In one embodiment, the transactional-memory manager may also be configured to record, within a respective shared object record for each transaction of the set of transactions, an identification of one or more additional shared data objects on which the corresponding transaction has also requested synchronization. In response to the commit request from the given transaction, the transactional-memory manager may be configured to examine the shared data object record of the given transaction to identify additional shared data objects on which the given transaction has requested synchronization. The determination of whether to commit or abort the given transaction may then also be based on the transactional state of an additional transaction identified from the collaborator record of the additional shared data object. Thus, the set of transactions whose states may be examined in order to determine whether to commit or abort a given transaction may include the collaborator transactions for each of the shared data objects on which the given transaction has synchronized. A transaction T2 may be termed a cohort of another transaction T1 if T2 is either a collaborator of T1 or a collaborator of a cohort of T1. In some embodiments, the set of cohorts of the given transaction may be identified, e.g., by recursively traversing linked shared data object records and collaborator records, and the transactional states of each of the transactions in the cohort set may be examined to determine whether the given transaction is to be aborted or committed. Transactions in a cohort set may either all be committed or all be aborted; e.g., if the transactional-memory manager determines that one transaction requesting commit is to be committed, all the cohorts of that transaction may also be committed; and if the transactional-memory manager determines that one transaction of a cohort set is to be aborted, all transactions of the cohort set may be aborted.
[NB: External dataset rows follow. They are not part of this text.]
section \<open>Bounds on the Wasserstein distance\<close>

lemma Wasserstein_le_of_coupling:
  assumes "\<gamma> \<in> couplings \<mu> \<nu>" "p > 0" "B \<ge> 0"
    and cost: "(\<integral>\<^sup>+z. ennreal (N (fst z - snd z) powr p) \<partial>\<gamma>) \<le> ennreal (B powr p)"
  shows "Wasserstein p N \<mu> \<nu> \<le> B"
proof -
  define I where "I = (INF \<gamma>\<in>couplings \<mu> \<nu>. \<integral>\<^sup>+z. ennreal (N (fst z - snd z) powr p) \<partial>\<gamma>)"
  have "I \<le> ennreal (B powr p)"
    unfolding I_def using assms(1) cost by (meson INF_lower2)
  then have "enn2real I \<le> B powr p"
    by (metis enn2real_ennreal enn2real_mono ennreal_less_top powr_ge_zero)
  then have "enn2real I powr (1 / p) \<le> (B powr p) powr (1 / p)"
    using assms by (intro powr_mono2) auto
  also have "\<dots> = B"
    using assms by (simp add: powr_powr)
  finally show ?thesis
    unfolding Wasserstein_def I_def .
qed
(* Let $\Lambda_{\mathbf q}$, the bar resolution $\mathbb B(\Lambda_{\mathbf q})$, the elements $f_\beta$ and the submodules $\mathbb P_m$ be as in the context. Then the bar differential maps $\mathbb P_m$ into $\mathbb P_{m-1}$ for every $m$, so $\mathbb P=(\mathbb P_m)_m$ is a subcomplex of $\mathbb B(\Lambda_{\mathbf q})$; moreover, for $|\beta|=m$, the bar differential sends $\tilde f_\beta$ to $$\sum_{j=1}^n\Big(\prod_{l<j}q_{l,j}^{\beta_l}\,x_j\tilde f_{\beta-[j]}+(-1)^m\prod_{l>j}q_{j,l}^{\beta_l}\,\tilde f_{\beta-[j]}x_j\Big).$$
   Context: $k$ is a field of characteristic $0$. Fix $n\ge1$ and $q_{i,j}\in k^*$ with $q_{j,i}=q_{i,j}^{-1}$, $q_{i,i}=-1$, and let $\Lambda_{\mathbf q}=k\langle x_1,\dots,x_n\mid x_ix_j=-q_{i,j}x_jx_i,\ x_i^2=0\rangle$. The bar resolution $\mathbb B(\Lambda_{\mathbf q})$ has $\mathbb B_m=\Lambda_{\mathbf q}^{\otimes(m+2)}$ (tensor over $k$) with differential $d(a_0\otimes\cdots\otimes a_{m+1})=\sum_{i=0}^m(-1)^ia_0\otimes\cdots\otimes a_ia_{i+1}\otimes\cdots\otimes a_{m+1}$. For $\beta\in\mathbb Z^n$ let $|\beta|=\sum\beta_i$ and $[l]$ the $l$-th unit vector. Define $f_\beta\in\Lambda_{\mathbf q}^{\otimes|\beta|}$ by: $f_{(0,\dots,0)}=1$, $f_{[l]}=x_l$, $f_\beta=0$ if some $\beta_l<0$, and for $\beta\in\mathbb N^n$, $f_\beta=\sum_{l=1}^n\prod_{k>l}q_{l,k}^{\beta_k}\,f_{\beta-[l]}\otimes x_l$. Put $\tilde f_\beta=1\otimes f_\beta\otimes 1\in\mathbb B_{|\beta|}$ and let $\mathbb P_m=\bigoplus_{\beta\in\mathbb N^n,|\beta|=m}\Lambda_{\mathbf q}\otimes f_\beta\otimes\Lambda_{\mathbf q}\subseteq\mathbb B_m$, the $\Lambda_{\mathbf q}^e$-submodule generated by the $\tilde f_\beta$ with $|\beta|=m$. *)

theory Defs
  imports Main
begin

text \<open>Concrete model of the quantum exterior algebra Lambda_q on generators x_1..x_n,
  realised on its standard k-basis x_S (S a subset of {1..n}, x_S the increasing
  product of the x_i, i in S).  An element of Lambda_q is its coefficient function
  nat set => 'k (supported on subsets of {1..n}); an element of the m-fold tensor
  power over k is a coefficient function on lists of m such subsets.\<close>

type_synonym 'k lam = "nat set \<Rightarrow> 'k"
type_synonym 'k tens = "nat set list \<Rightarrow> 'k"

definition ebas :: "nat set \<Rightarrow> 'k::field lam" where
  "ebas S = (\<lambda>U. if U = S then 1 else 0)"

text \<open>x_S x_T = qcoef q S T x_(S union T) for disjoint S, T (from x_s x_t = - q s t x_t x_s);
  x_S x_T = 0 if S, T meet (from x_i^2 = 0).\<close>
definition qcoef :: "(nat \<Rightarrow> nat \<Rightarrow> 'k::field) \<Rightarrow> nat set \<Rightarrow> nat set \<Rightarrow> 'k" where
  "qcoef q S T = (\<Prod>s\<in>S. \<Prod>t\<in>T. if t < s then - q s t else 1)"

definition lmul :: "(nat \<Rightarrow> nat \<Rightarrow> 'k::field) \<Rightarrow> nat \<Rightarrow> 'k lam \<Rightarrow> 'k lam \<Rightarrow> 'k lam" where
  "lmul q n a b = (\<lambda>U. \<Sum>S\<in>Pow {1..n}. \<Sum>T\<in>Pow {1..n}.
      if S \<inter> T = {} \<and> S \<union> T = U then a S * b T * qcoef q S T else 0)"

definition tensl :: "'k::field lam list \<Rightarrow> 'k tens" where
  "tensl as = (\<lambda>ws. if length ws = length as then (\<Prod>i<length as. (as!i) (ws!i)) else 0)"

definition tbas :: "nat \<Rightarrow> nat \<Rightarrow> nat set list set" where
  "tbas n r = {ws. length ws = r \<and> set ws \<subseteq> Pow {1..n}}"

text \<open>Bar differential d : B_m = Lambda^{(x)(m+2)} -> B_(m-1), extended k-linearly from
  d(a_0 (x) ... (x) a_(m+1)) = sum_(i=0..m) (-1)^i a_0 (x) ... (x) a_i a_(i+1) (x) ... (x) a_(m+1).\<close>
definition bar_d :: "(nat \<Rightarrow> nat \<Rightarrow> 'k::field) \<Rightarrow> nat \<Rightarrow> nat \<Rightarrow> 'k tens \<Rightarrow> 'k tens" where
  "bar_d q n m u = (\<lambda>vs. \<Sum>ws\<in>tbas n (m+2). u ws *
      (\<Sum>i\<le>m. (-1)^i * tensl (take i (map ebas ws)
          @ [lmul q n (ebas (ws!i)) (ebas (ws!(i+1)))] @ drop (i+2) (map ebas ws)) vs))"

text \<open>f_beta, by recursion on |beta| (first argument m = |beta|); beta is indexed by 1..n.\<close>
fun fb :: "(nat \<Rightarrow> nat \<Rightarrow> 'k::field) \<Rightarrow> nat \<Rightarrow> nat \<Rightarrow> (nat \<Rightarrow> nat) \<Rightarrow> 'k tens" where
  "fb q n 0 \<beta> = (\<lambda>ws. if ws = [] then 1 else 0)"
| "fb q n (Suc m) \<beta> = (\<lambda>ws. \<Sum>l=1..n. if \<beta> l = 0 then 0 else
      (\<Prod>k\<in>{l<..n}. q l k ^ \<beta> k) *
      (if ws \<noteq> [] \<and> last ws = {l} then fb q n m (\<beta>(l := \<beta> l - 1)) (butlast ws) else 0))"

definition bsize :: "nat \<Rightarrow> (nat \<Rightarrow> nat) \<Rightarrow> nat" where
  "bsize n \<beta> = (\<Sum>i=1..n. \<beta> i)"

definition fbeta :: "(nat \<Rightarrow> nat \<Rightarrow> 'k::field) \<Rightarrow> nat \<Rightarrow> (nat \<Rightarrow> nat) \<Rightarrow> 'k tens" where
  "fbeta q n \<beta> = fb q n (bsize n \<beta>) \<beta>"

text \<open>tilde f_beta = 1 (x) f_beta (x) 1.\<close>
definition ft :: "(nat \<Rightarrow> nat \<Rightarrow> 'k::field) \<Rightarrow> nat \<Rightarrow> (nat \<Rightarrow> nat) \<Rightarrow> 'k tens" where
  "ft q n \<beta> = (\<lambda>ws. if 2 \<le> length ws \<and> hd ws = {} \<and> last ws = {}
                     then fbeta q n \<beta> (butlast (tl ws)) else 0)"

definition fdec :: "(nat \<Rightarrow> nat \<Rightarrow> 'k::field) \<Rightarrow> nat \<Rightarrow> (nat \<Rightarrow> nat) \<Rightarrow> nat \<Rightarrow> 'k tens" where
  "fdec q n \<beta> j = (if \<beta> j = 0 then (\<lambda>_. 0) else ft q n (\<beta>(j := \<beta> j - 1)))"

definition lact :: "(nat \<Rightarrow> nat \<Rightarrow> 'k::field) \<Rightarrow> nat \<Rightarrow> 'k lam \<Rightarrow> 'k tens \<Rightarrow> 'k tens" where
  "lact q n a u = (\<lambda>ws. case ws of [] \<Rightarrow> 0
      | W # rest \<Rightarrow> (\<Sum>T\<in>Pow {1..n}. lmul q n a (ebas T) W * u (T # rest)))"

definition ract :: "(nat \<Rightarrow> nat \<Rightarrow> 'k::field) \<Rightarrow> nat \<Rightarrow> 'k tens \<Rightarrow> 'k lam \<Rightarrow> 'k tens" where
  "ract q n u b = (\<lambda>ws. if ws = [] then 0 else
      (\<Sum>T\<in>Pow {1..n}. lmul q n (ebas T) b (last ws) * u (butlast ws @ [T])))"

text \<open>Action of an element lam = sum lam(S,T) x_S (x) x_T of Lambda_q^e.\<close>
definition envact :: "(nat \<Rightarrow> nat \<Rightarrow> 'k::field) \<Rightarrow> nat \<Rightarrow> (nat set \<Rightarrow> nat set \<Rightarrow> 'k) \<Rightarrow> 'k tens \<Rightarrow> 'k tens" where
  "envact q n lam u = (\<lambda>ws. \<Sum>S\<in>Pow {1..n}. \<Sum>T\<in>Pow {1..n}.
      lam S T * lact q n (ebas S) (ract q n u (ebas T)) ws)"

definition multidx :: "nat \<Rightarrow> nat \<Rightarrow> (nat \<Rightarrow> nat) set" where
  "multidx n m = {\<beta>. (\<forall>i. i \<notin> {1..n} \<longrightarrow> \<beta> i = 0) \<and> bsize n \<beta> = m}"

definition Pm :: "(nat \<Rightarrow> nat \<Rightarrow> 'k::field) \<Rightarrow> nat \<Rightarrow> nat \<Rightarrow> 'k tens set" where
  "Pm q n m = {u. \<exists>c. u = (\<lambda>ws. \<Sum>\<beta>\<in>multidx n m. envact q n (c \<beta>) (ft q n \<beta>) ws)}"

end

theory Submission
  imports Defs
begin

text \<open>In the basis of words \<open>x\<^sub>S\<^sub>1 \<otimes> \<cdots> \<otimes> x\<^sub>S\<^sub>r\<close>, \<open>f\<^sub>\<beta>\<close> is the sum of the words
  in the generators of content \<open>\<beta>\<close>, each weighted by a product of \<open>q\<close>'s over its inversions.
  Contracting two adjacent factors of \<open>f\<^sub>\<beta>\<close> gives zero: for \<open>a < b\<close> we have
  \<open>x\<^sub>b x\<^sub>a = -q\<^sub>b\<^sub>a x\<^sub>a x\<^sub>b\<close>, while the coefficients of \<open>\<dots> x\<^sub>b \<otimes> x\<^sub>a \<dots>\<close> and
  \<open>\<dots> x\<^sub>a \<otimes> x\<^sub>b \<dots>\<close> in \<open>f\<^sub>\<beta>\<close> differ by the factor \<open>q\<^sub>a\<^sub>b = q\<^sub>b\<^sub>a\<^sup>-\<^sup>1\<close>.  Hence in
  \<open>d(\<Sum>\<^sub>\<beta> c\<^sub>\<beta> f\<^sub>\<beta>)\<close>, \<open>c\<^sub>\<beta> \<in> \<Lambda>\<^sup>e\<close>, only the first and the last contraction survive.
  They move the first, respectively last, letter \<open>x\<^sub>j\<close> of \<open>f\<^sub>\<beta>\<close> into the coefficient, and what
  is left of \<open>f\<^sub>\<beta>\<close> is \<open>f\<^sub>\<beta>\<^sub>-\<^sub>[\<^sub>j\<^sub>]\<close> times \<open>\<Prod>\<^sub>l\<^sub><\<^sub>j q\<^sub>l\<^sub>j\<^sup>\<beta>\<^sup>l\<close>, respectively
  \<open>\<Prod>\<^sub>l\<^sub>>\<^sub>j q\<^sub>j\<^sub>l\<^sup>\<beta>\<^sup>l\<close>.  Reindexing by \<open>\<beta> - [j]\<close> shows that the result lies in
  \<open>P\<^sub>m\<^sub>-\<^sub>1\<close>, and for \<open>c = 1 \<otimes> 1\<close> it is the stated formula for \<open>d f\<^sub>\<beta>\<close>.\<close>

section \<open>The closed form of \<open>f\<^sub>\<beta>\<close>\<close>

definition is_gen :: "nat \<Rightarrow> nat set \<Rightarrow> bool" where
  "is_gen n x \<longleftrightarrow> (\<exists>l\<in>{1..n}. x = {l})"

text \<open>\<open>word_weight q n ws\<close> is the product of \<open>q j k\<close> over the inversions of \<open>ws\<close>, the pairs
  of positions where a letter \<open>{k}\<close> precedes a smaller letter \<open>{j}\<close>.  It is computed on the
  reversed word so that the recursion peels off the last letter, as that of \<^const>\<open>fb\<close> does.\<close>

fun rev_word_weight :: "(nat \<Rightarrow> nat \<Rightarrow> 'k::field) \<Rightarrow> nat \<Rightarrow> nat set list \<Rightarrow> 'k" where
  "rev_word_weight q n [] = 1"
| "rev_word_weight q n (x # xs) = (if is_gen n x
     then (\<Prod>k\<in>{the_elem x<..n}. q (the_elem x) k ^ count_list xs {k}) * rev_word_weight q n xs
     else 0)"

definition word_weight :: "(nat \<Rightarrow> nat \<Rightarrow> 'k::field) \<Rightarrow> nat \<Rightarrow> nat set list \<Rightarrow> 'k" where
  "word_weight q n ws = rev_word_weight q n (rev ws)"

lemma word_weight_Nil [simp]: "word_weight q n [] = 1"
  by (simp add: word_weight_def)

lemma word_weight_snoc:
  "j \<in> {1..n} \<Longrightarrow>
    word_weight q n (ws @ [{j}]) = (\<Prod>k\<in>{j<..n}. q j k ^ count_list ws {k}) * word_weight q n ws"
  by (auto simp: word_weight_def is_gen_def)

lemma word_weight_snoc_not_gen: "\<not> is_gen n x \<Longrightarrow> word_weight q n (ws @ [x]) = 0"
  by (simp add: word_weight_def)

lemma is_gen_if_word_weight_nonzero:
  "word_weight q n ws \<noteq> 0 \<Longrightarrow> x \<in> set ws \<Longrightarrow> is_gen n x"
  by (induction ws rule: rev_induct) (auto simp: word_weight_def split: if_splits)

lemma count_list_snoc_singleton:
  "count_list (ws @ [{j}]) {k} = (if k = j then Suc (count_list ws {k}) else count_list ws {k})"
  by auto
(* Let $n\ge r\ge1$, let $\mathcal{O}\subset\mathbb{R}^{n\times r}$ be open with ${\rm St}(n,r)\subset\mathcal{O}$, let $f:\mathcal{O}\to\mathbb{R}$ be continuously differentiable, and consider (P): $\min_{X\in\mathcal{S}_{+}^{n,r}}f(X)$. Fix $\gamma>0$. Suppose that every global (respectively, local) minimizer of (P) has no zero rows when $n>r>1$, and that for every global (respectively, local) minimizer $X^*$ of (P) there exist $\delta'>0$ and $L'>0$ such that for all $X\in{\rm St}(n,r)$ with $\|X-X^*\|_F\le\delta'$ and all $\overline{X}\in{\rm Proj}_{\mathcal{S}_{+}^{n,r}}(X)$, \[ f(X)-f(\overline{X})\ge -L'\|X-\overline{X}\|_F^2. \] Then for every global (respectively, local) minimizer $X^*$ of (P): 1. if $n=r$ or $n>r=1$, with $\kappa'>0$ a constant such that ${\rm dist}(Z,\mathcal{S}_{+}^{n,r})\le\kappa'{\rm dist}(Z,\mathbb{R}_{+}^{n\times r})$ for all $Z\in{\rm St}(n,r)$, there exists $\delta>0$ such that for all $X\in{\rm St}(n,r)$ with $\|X-X^*\|_F\le\delta$, $f(X)-f(X^* )+2\gamma(\kappa')^2L'\,e_\gamma\vartheta(X)\ge0$; 2. if $n>r>1$, with $\kappa:=\frac{2.1\sqrt{r}[1+3r(n-r)]}{X^*_{i^*j^*}}$ ($X^*_{i^*j^*}$ the smallest nonzero entry of $X^*$), there exists $\delta>0$ such that for all $\epsilon\ge0$ and all $X\in\mathcal{G}_\epsilon:=\{X\in{\rm St}(n,r): e_\gamma\vartheta(X)=\epsilon\}$ with $\|X-X^*\|_F\le\delta$, $f(X)-f(X^* )+2\gamma\kappa^2L'\,e_\gamma\vartheta(X)\ge0$. Consequently, there exists $\widehat{\rho}>0$ such that for every $\rho\ge\widehat{\rho}$ the problem $\min_{X\in{\rm St}(n,r)}\{f(X)+\rho\, e_\gamma\vartheta(X)\}$ has the same set of global optimal solutions as (P).
   Context: ${\rm St}(n,r):=\{X\in\mathbb{R}^{n\times r}: X^\top X=I_r\}$, $\mathbb{R}_{+}^{n\times r}$ the entrywise nonnegative matrices, $\mathcal{S}_{+}^{n,r}:=\mathbb{R}_{+}^{n\times r}\cap{\rm St}(n,r)$, ${\rm dist}$ the Frobenius-norm distance and ${\rm Proj}_{\Omega}(X)$ the (set of) nearest points of $\Omega$ to $X$ in Frobenius norm. $\vartheta(X):=\sum_{i,j}\max(0,-X_{ij})$, and $e_\gamma\vartheta(X):=\min_{Z\in\mathbb{R}^{n\times r}}\{\frac{1}{2\gamma}\|Z-X\|_F^2+\vartheta(Z)\}$ is its Moreau envelope. *)

theory Defs
  imports "HOL-Analysis.Analysis"
begin

text \<open>Matrices in R^(n x r) are modelled as real^'r^'n (rows indexed by 'n, columns by 'r).
  The norm on this type is the Frobenius norm, and dist is the Frobenius distance.\<close>

definition stiefel :: "(real^'r^'n) set" where
  "stiefel = {X. transpose X ** X = mat 1}"
(* Let $d\ge1$ and let $\sigma$ be a finite positive measure on $\mathbb{R}^{2d}$ supported on a compact set $\Sigma\subset\mathbb{B}^{2d}(0,1)$. Let $\varphi$ be a Schwartz function on $\mathbb{R}^d$ and, for $k\in\mathbb{Z}$, let $P_{<k}f=f*\varphi_k$ with $\varphi_k(x)=2^{kd}\varphi(2^kx)$. For Schwartz functions $f_1,f_2$ on $\mathbb{R}^d$, $\mathrm{F}=(f_1,f_2)$, define \[ \mathfrak{A}_k^1(\mathrm{F})(x)=\sup_{1<t<2}\Big|\int_\Sigma P_{<k}f_1(x-2^{-k}ty_1)\,f_2(x-2^{-k}ty_2)\,\mathrm{d}\sigma(y_1,y_2)\Big| \] and $M_\sigma^2(f)(x)=\sup_{t>0}\int_\Sigma|f(x-ty_2)|\,\mathrm{d}\sigma(y_1,y_2)$. Then there is a constant $C$ independent of $k$, $x$ and $f_1,f_2$ such that \[ \mathfrak{A}_k^1(\mathrm{F})(x)\le C\,M_{HL}(f_1)(x)\,M_\sigma^2(f_2)(x)\qquad\text{for all }x\in\mathbb{R}^d,\ k\in\mathbb{Z}, \] where $M_{HL}$ is the Hardy–Littlewood maximal function.
   Context: $\mathbb{B}^n(0,1)$ is the unit ball of $\mathbb{R}^n$. *)

theory Defs
  imports "HOL-Analysis.Analysis"
begin

definition pdiff :: "'n::finite \<Rightarrow> (real^'n \<Rightarrow> complex) \<Rightarrow> real^'n \<Rightarrow> complex" where
  "pdiff i f x = vector_derivative (\<lambda>t. f (x + t *\<^sub>R axis i 1)) (at 0)"

fun iter_pdiff :: "'n::finite list \<Rightarrow> (real^'n \<Rightarrow> complex) \<Rightarrow> real^'n \<Rightarrow> complex" where
  "iter_pdiff [] f = f"
| "iter_pdiff (i # is) f = pdiff i (iter_pdiff is f)"

definition schwartz :: "(real^'n::finite \<Rightarrow> complex) \<Rightarrow> bool" where
  "schwartz f \<longleftrightarrow> (\<forall>is. (\<forall>x. iter_pdiff is f differentiable (at x)) \<and>
       (\<forall>N::nat. \<exists>B. \<forall>x. (1 + norm x) ^ N * norm (iter_pdiff is f x) \<le> B))"

definition dil :: "(real^'n::finite \<Rightarrow> complex) \<Rightarrow> int \<Rightarrow> real^'n \<Rightarrow> complex" where
  "dil \<phi> k x = of_real (2 powr (real_of_int k * real CARD('n))) * \<phi> ((2 powr real_of_int k) *\<^sub>R x)"
lemma card_sublevel_ge_quadratic:
  assumes sg: "simple_graph V E" and pp: "path_pairable V E"
    and lip: "\<And>a b. E a b \<Longrightarrow> D b \<le> D a + 1"
    and z0: "z0 \<in> V" "D z0 = 0"
    and half: "2 * card {z \<in> V. D z \<le> k} \<le> card V"
  shows "(k div 2)^2 + 1 \<le> card {z \<in> V. D z \<le> k}"
proof -
  have fin: "finite V" using sg by (simp add: simple_graph_def)
  define s where "s j = card {z \<in> V. D z = j}" for j
  have sum_s: "card {z \<in> V. D z \<le> i} = (\<Sum>j\<le>i. s j)" for i
    unfolding s_def by (rule card_sublevel_eq_sum[OF fin])
  have "s 0 \<ge> 1" using z0 fin by (auto simp: s_def Suc_le_eq card_gt_0_iff)
  moreover have "(\<Sum>j\<le>i. s j) \<le> s i * s (Suc i)" if "i < k" for i
  proof -
    have "card {z \<in> V. D z \<le> i} \<le> card {z \<in> V. D z \<le> k}"
      using that fin by (intro card_mono) auto
    then have "2 * card {z \<in> V. D z \<le> i} \<le> card V" using half by linarith
    then have "card {z \<in> V. D z \<le> i} \<le> card (edge_boundary E {z \<in> V. D z \<le> i})"
      by (intro path_pairable_card_le_edge_boundary[OF sg pp]) auto
    also have "\<dots> \<le> s i * s (Suc i)"
      unfolding s_def by (rule card_edge_boundary_sublevel_le[OF sg lip])
    finally show ?thesis by (simp only: sum_s)
  qed
  ultimately have "(k div 2)^2 + 1 \<le> (\<Sum>j\<le>k. s j)"
    by (rule sum_le_mult_imp_quadratic_growth)
  then show ?thesis by (simp only: sum_s)
qed

lemma card_sublevel_ge_min:
  assumes sg: "simple_graph V E" and pp: "path_pairable V E"
    and lip: "\<And>a b. E a b \<Longrightarrow> D b \<le> D a + 1"
    and z0: "z0 \<in> V" "D z0 = 0"
    and d: "d \<ge> 20" "d \<le> 3 * k"
  shows "min (real (card V) / 2) (real d ^ 2 / 100) \<le> real (card {z \<in> V. D z \<le> k})"
proof (cases "2 * card {z \<in> V. D z \<le> k} \<le> card V")
  case True
  have "d \<le> 10 * (k div 2)" using d by linarith
  then have "d^2 \<le> 100 * (k div 2)^2" using power_mono[of d "10 * (k div 2)" 2]
    by (simp add: power_mult_distrib)
  also have "\<dots> \<le> 100 * card {z \<in> V. D z \<le> k}"
    using card_sublevel_ge_quadratic[OF sg pp lip z0 True] by simp
  finally have "real (d^2) \<le> real (100 * card {z \<in> V. D z \<le> k})" by linarith
  then show ?thesis by simp
next
  case False
  then show ?thesis by linarith
qed

theorem lemma2:
  fixes V :: "'a set" and E :: "'a \<Rightarrow> 'a \<Rightarrow> bool" and d :: nat and x y :: 'a
  assumes "simple_graph V E"
    and "path_pairable V E"
    and "has_diameter V E d"
    and "d \<ge> 20"
    and "x \<in> V" and "y \<in> V" and "gdist V E x y = d"
  defines "S \<equiv> (\<lambda>i. {z \<in> V. gdist V E x z = i})"
  defines "A \<equiv> (\<Union>i\<in>{0..nat \<lceil>real d / 3\<rceil>}. S i)"
  defines "C \<equiv> (\<Union>i\<in>{nat \<lfloor>2 * real d / 3\<rfloor>..d}. S i)"
  shows "real (card A) \<ge> min (real (card V) / 2) (real d ^ 2 / 100) \<and>
         real (card C) \<ge> min (real (card V) / 2) (real d ^ 2 / 100)"
proof
  note sg = assms(1) and pp = assms(2)
  let ?D = "gdist V E x"
  have conn: "connected_graph V E" and le_d: "\<And>z. z \<in> V \<Longrightarrow> ?D z \<le> d"
    using assms(3,5) unfolding has_diameter_def by auto
  have lip: "?D b \<le> ?D a + 1" if "E a b" for a b
    using gdist_edge[OF sg conn assms(5) that] .
  have lip': "d - ?D b \<le> d - ?D a + 1" if "E a b" for a b
    using lip[of b a] le_d[of b] that sg by (simp add: simple_graph_def)
  define k where "k = nat \<lceil>real d / 3\<rceil>"
  define m where "m = nat \<lfloor>2 * real d / 3\<rfloor>"
  have "d \<le> 3 * k" unfolding k_def by linarith
  moreover have "A = {z \<in> V. ?D z \<le> k}" by (auto simp: A_def S_def k_def)
  ultimately show "real (card A) \<ge> min (real (card V) / 2) (real d ^ 2 / 100)"
    using card_sublevel_ge_min[where D = ?D, OF sg pp lip assms(5) gdist_self[OF assms(5)] assms(4)] by simp
  have "3 * m \<le> 2 * d" unfolding m_def by linarith
  then have "d \<le> 3 * (d - m)" by simp
  moreover have "C = {z \<in> V. d - ?D z \<le> d - m}"
    using le_d \<open>3 * m \<le> 2 * d\<close> by (auto simp: C_def S_def m_def[symmetric])
  ultimately show "real (card C) \<ge> min (real (card V) / 2) (real d ^ 2 / 100)"
    using card_sublevel_ge_min[where D = "\<lambda>z. d - ?D z", OF sg pp lip' assms(6) _ assms(4), of "d - m"] assms(7) by simp
qed

end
In determining whether to commit or abort a given transaction requesting a commit, the transactional-memory manager may decide to commit if any one of the cohorts of the requesting transaction is already in a committed state, or if each of the cohorts is in a committing state (indicating that the cohort is ready to commit) and has not been aborted. If any of the cohorts is in an aborted state, the given transaction and its cohorts may all be aborted. If a cohort is in an active state, indicating that the cohort has neither indicated that it is ready to commit nor been aborted, the transactional-memory manager may in some embodiments wait until the active transaction has changed state before making the commit/abort decision. If the active cohort aborts, the given transaction may be aborted; if instead the cohort changes to a committing state, the transactional-memory manager may commit the given transaction eventually, if all the other cohorts also reach the committing state. In some embodiments, before a transaction commits, the transaction logically “seals” any objects for which it has requested synchronization, preventing any additional transactions not already identified in the collaborator records of those objects from making changes to the objects. In addition to being used for commits, such a seal may, for example, serve as a delimiter between successive consistent versions of the data of the shared data object: e.g., when a shared data object has been sealed, no further requests for synchronization on the shared data object may be honored until the cohort set linked to the sealed shared data object either commits or aborts.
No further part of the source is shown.